Проход нашёлся спустя метров двести. Странно, что до основания не растащили ни сам забор, ни огромные трубы отопления на территории, ни коробки корпусов.
Проклятое место, неудобное место, отчуждённое место.
На необъятном участке внутреннего двора диспансера стояли два двухэтажных корпуса Н-образной формы. Приземистый хозяйственный и, отдалённо, величавый аскетичный близкий – корпус администрации со стационарами в левом и правом крыле. С заваленной шиферной крышей и обрушенным углом в плесени. В порушенном углу виднелась стена ванной комнаты, разбитый кафель на вертикалях. Окна, заколоченные фанерой, заложенные кирпичом и забитые мусором в очернённых смолой решётках.
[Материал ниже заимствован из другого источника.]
(* Let $n\in\mathbb N$. Then $\delta(n)<\delta(m)$ for every $m\in\mathbb N$ with $m>n$ if and only if $n=k^2$ or $n=k^2+k$ for some $k\in\mathbb N$ (in which case $\delta(n)=2k$, resp. $\delta(n)=2k+1$).
   Context: $\mathbb N$ is the set of positive integers. For $n\in\mathbb N$, $\delta(n)=\min\{\,r+s : r,s\in\mathbb N,\ r\le s,\ rs=n\,\}$, i.e. the minimum of $d+n/d$ over positive divisors $d$ of $n$. *)

theory Defs
  imports Main
begin

definition delta :: "nat \<Rightarrow> nat" where
  "delta n = Min {r + s | r s. 0 < r \<and> 0 < s \<and> r \<le> s \<and> r * s = n}"

end

theory Submission
  imports Defs
begin

text \<open>By AM-GM, \<open>4n \<le> \<delta>(n)\<^sup>2\<close>. For \<open>n = k\<^sup>2\<close> and \<open>n = k\<^sup>2 + k\<close> the factorisations
  \<open>k \<cdot> k\<close> and \<open>k \<cdot> (k+1)\<close> give \<open>\<delta>(n)\<^sup>2 < 4(n+1) \<le> 4m \<le> \<delta>(m)\<^sup>2\<close> for every \<open>m > n\<close>.
  Conversely, if an optimal factorisation \<open>n = r s\<close> has \<open>s \<ge> r + 2\<close>, then
  \<open>(r+1)(s-1) > n\<close> has the same sum of factors, so \<open>\<delta>\<close> does not increase strictly after \<open>n\<close>.\<close>

lemma finite_factor_sums:
  "finite {r + s | r s. 0 < r \<and> 0 < s \<and> r \<le> s \<and> r * s = (n::nat)}"
proof (rule finite_subset)
  show "{r + s | r s. 0 < r \<and> 0 < s \<and> r \<le> s \<and> r * s = n} \<subseteq> {..2*n}"
  proof
    fix x assume "x \<in> {r + s | r s. 0 < r \<and> 0 < s \<and> r \<le> s \<and> r * s = n}"
    then obtain r s where "x = r + s" "0 < r" "0 < s" "r * s = n" by blast
    moreover have "r \<le> r * s" "s \<le> r * s" using \<open>0 < r\<close> \<open>0 < s\<close> by simp_all
    ultimately show "x \<in> {..2*n}" by simp
  qed
qed simp

lemma delta_le:
  assumes "0 < r" "r \<le> s" "r * s = n"
  shows "delta n \<le> r + s"
  unfolding delta_def using assms
  by (intro Min_le[OF finite_factor_sums] CollectI exI[of _ r] exI[of _ s]) auto

lemma delta_attained:
  assumes "n \<ge> 1"
  obtains r s where "0 < r" "r \<le> s" "r * s = n" "delta n = r + s"
proof -
  let ?S = "{r + s | r s. 0 < r \<and> 0 < s \<and> r \<le> s \<and> r * s = n}"
  have "1 + n \<in> ?S" using assms by (intro CollectI exI[of _ 1] exI[of _ n]) auto
  hence "delta n \<in> ?S" unfolding delta_def using Min_in[OF finite_factor_sums] by blast
  thus thesis using that by blast
qed

lemma four_mult_le_square_add: "4 * (r * s) \<le> ((r::nat) + s)^2"
proof -
  have "(int r + int s)^2 = 4 * (int r * int s) + (int r - int s)^2"
    by (simp add: power2_eq_square algebra_simps)
  hence "4 * (int r * int s) \<le> (int r + int s)^2" by simp
  thus ?thesis by (simp flip: of_nat_mult of_nat_add of_nat_power)
qed

lemma four_mult_le_delta_square:
  assumes "n \<ge> 1"
  shows "4 * n \<le> (delta n)^2"
proof -
  obtain r s where "r * s = n" "delta n = r + s" using delta_attained[OF assms] .
  thus ?thesis using four_mult_le_square_add[of r s] by simp
qed

lemma less_delta_if_square_less:
  assumes "n \<ge> 1" "t^2 < 4 * n"
  shows "t < delta n"
proof (rule ccontr)
  assume "\<not> t < delta n"
  hence "(delta n)^2 \<le> t^2" by (simp add: power_mono)
  with four_mult_le_delta_square[OF assms(1)] assms(2) show False by linarith
qed

lemma delta_square:
  assumes "k \<ge> 1"
  shows "delta (k^2) = 2*k"
proof -
  have "delta (k^2) \<le> k + k" using assms by (intro delta_le) (simp_all add: power2_eq_square)
  moreover have "(2*k - 1)^2 < (2*k)^2" using assms by (intro power_strict_mono) simp_all
  hence "2*k - 1 < delta (k^2)" using assms by (intro less_delta_if_square_less) (simp_all add: power_mult_distrib)
  ultimately show ?thesis by simp
qed

lemma delta_pronic:
  assumes "k \<ge> 1"
  shows "delta (k^2 + k) = 2*k + 1"
proof -
  have "delta (k^2 + k) \<le> k + (k+1)" using assms by (intro delta_le) (simp_all add: power2_eq_square)
  moreover have "2*k < delta (k^2 + k)"
    using assms by (intro less_delta_if_square_less) (simp_all add: power_mult_distrib)
  ultimately show ?thesis by simp
qed

lemma delta_less_delta_of_greater:
  assumes "n \<ge> 1" "(delta n)^2 < 4 * (n + 1)" "m > n"
  shows "delta n < delta m"
  using assms by (intro less_delta_if_square_less) simp_all

lemma square_or_pronic_if_delta_strictly_increases:
  assumes "n \<ge> 1" and incr: "\<forall>m > n. delta n < delta m"
  shows "\<exists>k\<ge>1. n = k^2 \<or> n = k^2 + k"
proof -
  obtain r s where rs: "0 < r" "r \<le> s" "r * s = n" "delta n = r + s"
    using delta_attained[OF assms(1)] .
  have "s < r + 2"
  proof (rule ccontr)
    assume "\<not> s < r + 2"
    define d where "d = s - (r + 2)"
    with \<open>\<not> s < r + 2\<close> have d: "s = r + 2 + d" by simp
    have "n < (r + 1) * (r + 1 + d)" using rs d by (simp add: algebra_simps)
    hence "delta n < delta ((r + 1) * (r + 1 + d))" using incr by blast
    moreover have "delta ((r + 1) * (r + 1 + d)) \<le> (r + 1) + (r + 1 + d)" by (intro delta_le) auto
    ultimately show False using rs d by simp
  qed
  hence "s = r \<or> s = r + 1" using rs by linarith
  thus ?thesis using rs by (intro exI[of _ r]) (auto simp: power2_eq_square)
qed

theorem proposition5p4:
  fixes n :: nat
  assumes "n \<ge> 1"
  shows "((\<forall>m. m > n \<longrightarrow> delta n < delta m) \<longleftrightarrow>
           (\<exists>k\<ge>1. n = k^2 \<or> n = k^2 + k))
         \<and> (\<forall>k\<ge>1. n = k^2 \<longrightarrow> delta n = 2*k)
         \<and> (\<forall>k\<ge>1. n = k^2 + k \<longrightarrow> delta n = 2*k + 1)"
proof (intro conjI allI impI iffI)
  show "\<exists>k\<ge>1. n = k^2 \<or> n = k^2 + k" if "\<forall>m. m > n \<longrightarrow> delta n < delta m"
    using square_or_pronic_if_delta_strictly_increases assms that by blast
next
  fix m assume "\<exists>k\<ge>1. n = k^2 \<or> n = k^2 + k" "m > n"
  then obtain k where "k \<ge> 1" "n = k^2 \<or> n = k^2 + k" by blast
  hence "(delta n)^2 < 4 * (n + 1)"
    using delta_square delta_pronic by (auto simp: power2_eq_square algebra_simps)
  thus "delta n < delta m" using delta_less_delta_of_greater assms \<open>m > n\<close> by blast
qed (use delta_square delta_pronic in auto)

end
Остатки входной деревянной двери на кривых петлях тёртого медного цвета.
Довлеющее с утра ощущение некой исполнимости задачи пропало. Оно мотивировало идти сюда, оказаться здесь, обещало полноценно вспомнить эфемерно забытое и исчезающее, пробыть весь путь до конца и дать ответ по результатам решения-похода.
Ничего теперь предательски не ощущалось. Тихо внутри.
Сам виноват, сам сочинил, получай (сам) одно лишь ничего.
Но нужно было убедиться. Пройтись по крошеву, зайти в кабинет, открыть сейф, найти в нём позабытые рукописи-тетради. Тогда мы ещё посмотрим. Разбудим!
Не должно же быть всё так бессмысленно, а?! Дорогой мой Сообщник?!
Прошёл внутрь. Рваная лёгкая-мягкая пружина нефункционирующей культей – механизм телепорта в пространство, ужатое до сингулярности.
Радоваться надо, осмысленное искать (дошёл ведь, занялся хоть спортивной ходьбой, подышал кислородом) и – принимать, в конце то концов. Позитивное мышление, принятие смиренно сущего и ожидание лучшего – залог успеха лечения.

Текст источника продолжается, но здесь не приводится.